Report the lines of the data below that contain the string "length".

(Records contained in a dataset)
┌──

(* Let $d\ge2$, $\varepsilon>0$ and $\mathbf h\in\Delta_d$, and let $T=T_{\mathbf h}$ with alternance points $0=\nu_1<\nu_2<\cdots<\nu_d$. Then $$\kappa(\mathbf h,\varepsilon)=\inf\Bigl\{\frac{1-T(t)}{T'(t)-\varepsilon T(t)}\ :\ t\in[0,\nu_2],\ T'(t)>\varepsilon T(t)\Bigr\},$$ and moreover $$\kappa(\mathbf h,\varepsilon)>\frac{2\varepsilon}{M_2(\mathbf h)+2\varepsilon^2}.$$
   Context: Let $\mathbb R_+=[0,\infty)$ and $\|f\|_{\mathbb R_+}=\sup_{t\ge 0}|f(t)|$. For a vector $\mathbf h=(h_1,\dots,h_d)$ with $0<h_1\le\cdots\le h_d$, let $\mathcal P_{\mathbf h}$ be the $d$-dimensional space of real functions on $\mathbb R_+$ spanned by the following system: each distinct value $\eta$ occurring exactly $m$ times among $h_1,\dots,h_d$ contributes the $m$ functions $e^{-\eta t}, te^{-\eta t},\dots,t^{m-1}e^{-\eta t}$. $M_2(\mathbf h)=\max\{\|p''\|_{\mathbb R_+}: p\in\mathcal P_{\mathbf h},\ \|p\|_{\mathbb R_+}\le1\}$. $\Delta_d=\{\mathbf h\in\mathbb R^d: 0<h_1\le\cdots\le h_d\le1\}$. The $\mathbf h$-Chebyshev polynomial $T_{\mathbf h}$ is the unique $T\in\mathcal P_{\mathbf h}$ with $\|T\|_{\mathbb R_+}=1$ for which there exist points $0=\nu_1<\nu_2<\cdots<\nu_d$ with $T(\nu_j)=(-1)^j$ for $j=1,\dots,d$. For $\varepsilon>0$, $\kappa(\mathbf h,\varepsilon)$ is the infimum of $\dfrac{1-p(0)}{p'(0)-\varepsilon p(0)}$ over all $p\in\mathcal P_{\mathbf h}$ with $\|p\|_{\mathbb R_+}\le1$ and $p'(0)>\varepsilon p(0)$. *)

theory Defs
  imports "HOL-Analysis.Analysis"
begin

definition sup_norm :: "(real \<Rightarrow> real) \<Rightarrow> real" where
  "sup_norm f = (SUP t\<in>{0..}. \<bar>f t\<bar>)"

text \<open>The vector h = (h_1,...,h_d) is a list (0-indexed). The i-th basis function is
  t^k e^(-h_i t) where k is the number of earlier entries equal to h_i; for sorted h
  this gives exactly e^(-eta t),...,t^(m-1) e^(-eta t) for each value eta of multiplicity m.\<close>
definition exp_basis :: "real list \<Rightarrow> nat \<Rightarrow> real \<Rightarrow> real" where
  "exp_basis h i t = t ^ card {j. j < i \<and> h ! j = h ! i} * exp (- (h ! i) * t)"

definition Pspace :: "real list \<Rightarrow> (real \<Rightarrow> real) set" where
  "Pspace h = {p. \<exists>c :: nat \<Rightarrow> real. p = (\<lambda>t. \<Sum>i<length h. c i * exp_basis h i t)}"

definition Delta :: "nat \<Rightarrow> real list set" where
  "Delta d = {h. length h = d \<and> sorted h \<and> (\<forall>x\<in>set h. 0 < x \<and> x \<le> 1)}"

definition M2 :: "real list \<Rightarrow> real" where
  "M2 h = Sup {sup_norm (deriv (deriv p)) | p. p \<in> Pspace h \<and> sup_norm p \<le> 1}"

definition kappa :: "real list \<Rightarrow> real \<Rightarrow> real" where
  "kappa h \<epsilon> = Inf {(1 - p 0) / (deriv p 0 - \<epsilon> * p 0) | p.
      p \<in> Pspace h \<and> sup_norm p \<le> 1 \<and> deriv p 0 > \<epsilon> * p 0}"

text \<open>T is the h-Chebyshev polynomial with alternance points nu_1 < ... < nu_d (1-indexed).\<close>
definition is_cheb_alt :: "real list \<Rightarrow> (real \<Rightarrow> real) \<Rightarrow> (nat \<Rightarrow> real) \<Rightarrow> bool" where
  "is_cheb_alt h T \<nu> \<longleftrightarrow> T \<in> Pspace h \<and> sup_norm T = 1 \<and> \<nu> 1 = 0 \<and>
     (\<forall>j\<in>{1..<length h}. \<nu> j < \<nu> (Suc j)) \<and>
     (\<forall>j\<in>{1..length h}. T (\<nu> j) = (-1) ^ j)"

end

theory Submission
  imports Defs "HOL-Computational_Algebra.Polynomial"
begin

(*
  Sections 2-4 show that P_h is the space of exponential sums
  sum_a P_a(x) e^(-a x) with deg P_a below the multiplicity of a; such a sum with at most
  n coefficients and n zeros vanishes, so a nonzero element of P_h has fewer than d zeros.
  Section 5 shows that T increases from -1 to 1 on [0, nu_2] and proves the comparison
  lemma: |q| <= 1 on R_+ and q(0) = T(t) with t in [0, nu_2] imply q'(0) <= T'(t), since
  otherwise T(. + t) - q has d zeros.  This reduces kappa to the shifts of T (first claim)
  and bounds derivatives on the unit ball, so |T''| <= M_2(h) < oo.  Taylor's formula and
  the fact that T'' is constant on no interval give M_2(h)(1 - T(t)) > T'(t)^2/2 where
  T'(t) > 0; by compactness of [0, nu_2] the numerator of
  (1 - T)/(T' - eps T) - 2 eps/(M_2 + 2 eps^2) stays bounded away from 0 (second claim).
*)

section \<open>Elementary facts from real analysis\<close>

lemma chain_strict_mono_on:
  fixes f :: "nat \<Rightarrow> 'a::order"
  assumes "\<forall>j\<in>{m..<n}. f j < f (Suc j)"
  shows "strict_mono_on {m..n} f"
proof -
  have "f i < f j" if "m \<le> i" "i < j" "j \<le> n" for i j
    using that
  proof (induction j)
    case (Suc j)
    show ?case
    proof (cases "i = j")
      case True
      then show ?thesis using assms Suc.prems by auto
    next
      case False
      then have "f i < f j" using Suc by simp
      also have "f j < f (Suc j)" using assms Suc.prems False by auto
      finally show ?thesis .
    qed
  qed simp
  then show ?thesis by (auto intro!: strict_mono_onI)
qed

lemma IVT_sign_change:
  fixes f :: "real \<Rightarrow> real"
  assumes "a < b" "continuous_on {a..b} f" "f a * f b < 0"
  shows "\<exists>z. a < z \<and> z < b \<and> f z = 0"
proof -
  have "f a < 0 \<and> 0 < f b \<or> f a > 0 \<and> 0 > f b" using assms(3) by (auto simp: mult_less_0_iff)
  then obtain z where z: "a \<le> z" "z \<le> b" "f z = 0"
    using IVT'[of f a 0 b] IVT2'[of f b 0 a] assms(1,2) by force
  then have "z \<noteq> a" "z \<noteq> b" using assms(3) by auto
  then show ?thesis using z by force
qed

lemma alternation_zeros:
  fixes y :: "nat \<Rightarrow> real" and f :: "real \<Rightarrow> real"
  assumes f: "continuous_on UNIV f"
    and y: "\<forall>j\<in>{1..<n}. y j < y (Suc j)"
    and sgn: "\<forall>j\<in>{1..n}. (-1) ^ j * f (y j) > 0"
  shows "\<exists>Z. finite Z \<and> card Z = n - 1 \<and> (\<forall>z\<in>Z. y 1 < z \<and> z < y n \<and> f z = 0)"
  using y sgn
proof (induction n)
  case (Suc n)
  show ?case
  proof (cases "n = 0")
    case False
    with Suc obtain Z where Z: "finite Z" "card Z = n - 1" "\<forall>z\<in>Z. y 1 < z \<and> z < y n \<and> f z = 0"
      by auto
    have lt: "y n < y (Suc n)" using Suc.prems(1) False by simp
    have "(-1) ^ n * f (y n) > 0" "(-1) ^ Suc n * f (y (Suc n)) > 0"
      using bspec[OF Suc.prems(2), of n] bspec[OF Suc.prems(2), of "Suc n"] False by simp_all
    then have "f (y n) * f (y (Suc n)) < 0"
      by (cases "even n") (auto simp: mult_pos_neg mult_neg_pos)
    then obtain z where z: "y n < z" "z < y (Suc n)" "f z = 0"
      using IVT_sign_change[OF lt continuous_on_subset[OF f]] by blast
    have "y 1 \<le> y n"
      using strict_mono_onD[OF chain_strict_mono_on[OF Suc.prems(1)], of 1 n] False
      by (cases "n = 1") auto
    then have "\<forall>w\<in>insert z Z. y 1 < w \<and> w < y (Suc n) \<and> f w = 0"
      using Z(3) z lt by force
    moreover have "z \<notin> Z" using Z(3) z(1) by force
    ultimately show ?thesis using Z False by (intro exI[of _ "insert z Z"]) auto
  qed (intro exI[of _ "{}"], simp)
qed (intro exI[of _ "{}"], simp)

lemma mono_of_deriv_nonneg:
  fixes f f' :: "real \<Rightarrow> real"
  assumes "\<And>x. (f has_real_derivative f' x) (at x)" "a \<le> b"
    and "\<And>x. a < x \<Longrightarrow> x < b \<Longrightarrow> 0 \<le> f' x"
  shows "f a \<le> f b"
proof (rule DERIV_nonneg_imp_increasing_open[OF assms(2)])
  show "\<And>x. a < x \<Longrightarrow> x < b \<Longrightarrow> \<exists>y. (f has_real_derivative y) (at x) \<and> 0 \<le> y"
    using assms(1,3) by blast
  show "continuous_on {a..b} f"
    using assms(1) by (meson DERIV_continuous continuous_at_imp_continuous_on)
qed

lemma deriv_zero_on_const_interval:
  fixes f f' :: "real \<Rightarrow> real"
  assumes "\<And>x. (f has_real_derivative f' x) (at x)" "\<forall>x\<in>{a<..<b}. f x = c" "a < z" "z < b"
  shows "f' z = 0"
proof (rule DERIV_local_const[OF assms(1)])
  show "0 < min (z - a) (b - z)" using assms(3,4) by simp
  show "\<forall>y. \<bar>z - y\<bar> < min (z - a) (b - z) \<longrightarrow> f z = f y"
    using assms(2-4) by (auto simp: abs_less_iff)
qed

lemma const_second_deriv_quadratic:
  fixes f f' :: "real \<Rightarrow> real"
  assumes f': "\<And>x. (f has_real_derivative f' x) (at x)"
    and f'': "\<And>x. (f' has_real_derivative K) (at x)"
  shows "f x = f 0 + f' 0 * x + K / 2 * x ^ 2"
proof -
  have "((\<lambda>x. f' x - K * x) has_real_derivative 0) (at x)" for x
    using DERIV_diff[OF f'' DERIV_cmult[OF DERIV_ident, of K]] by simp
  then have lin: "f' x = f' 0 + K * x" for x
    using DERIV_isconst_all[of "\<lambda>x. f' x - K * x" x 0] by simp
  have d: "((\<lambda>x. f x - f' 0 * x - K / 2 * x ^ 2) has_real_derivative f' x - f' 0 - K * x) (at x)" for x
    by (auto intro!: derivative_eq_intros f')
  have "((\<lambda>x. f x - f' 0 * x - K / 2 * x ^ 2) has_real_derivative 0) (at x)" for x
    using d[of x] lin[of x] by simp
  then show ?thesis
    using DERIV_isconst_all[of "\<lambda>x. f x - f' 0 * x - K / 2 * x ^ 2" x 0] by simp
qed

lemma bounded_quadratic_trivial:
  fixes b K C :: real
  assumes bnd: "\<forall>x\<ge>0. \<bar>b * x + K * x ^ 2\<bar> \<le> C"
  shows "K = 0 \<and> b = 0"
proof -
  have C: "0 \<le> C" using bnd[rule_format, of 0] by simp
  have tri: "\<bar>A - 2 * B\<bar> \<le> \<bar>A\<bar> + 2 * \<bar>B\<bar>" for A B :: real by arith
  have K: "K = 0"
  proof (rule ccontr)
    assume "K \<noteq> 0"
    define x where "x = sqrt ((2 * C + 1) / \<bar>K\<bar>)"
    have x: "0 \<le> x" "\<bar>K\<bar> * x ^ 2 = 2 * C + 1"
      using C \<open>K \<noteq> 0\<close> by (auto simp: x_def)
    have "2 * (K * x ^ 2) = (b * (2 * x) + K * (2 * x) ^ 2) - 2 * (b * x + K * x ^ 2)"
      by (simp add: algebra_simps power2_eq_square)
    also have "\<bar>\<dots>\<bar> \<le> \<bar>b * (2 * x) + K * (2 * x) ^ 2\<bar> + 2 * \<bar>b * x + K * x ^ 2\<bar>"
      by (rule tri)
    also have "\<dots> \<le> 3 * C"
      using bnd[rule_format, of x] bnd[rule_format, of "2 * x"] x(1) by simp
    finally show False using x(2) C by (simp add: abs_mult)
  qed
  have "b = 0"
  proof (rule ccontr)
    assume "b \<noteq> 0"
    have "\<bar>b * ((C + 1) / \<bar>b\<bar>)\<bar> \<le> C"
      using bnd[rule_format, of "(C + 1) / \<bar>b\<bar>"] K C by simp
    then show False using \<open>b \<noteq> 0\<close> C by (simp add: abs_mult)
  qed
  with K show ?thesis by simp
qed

└──

(EXERCISE OUTPUT):
  "Pspace h = {p. \<exists>c :: nat \<Rightarrow> real. p = (\<lambda>t. \<Sum>i<length h. c i * exp_basis h i t)}"
  "Delta d = {h. length h = d \<and> sorted h \<and> (\<forall>x\<in>set h. 0 < x \<and> x \<le> 1)}"
     (\<forall>j\<in>{1..<length h}. \<nu> j < \<nu> (Suc j)) \<and>
     (\<forall>j\<in>{1..length h}. T (\<nu> j) = (-1) ^ j)"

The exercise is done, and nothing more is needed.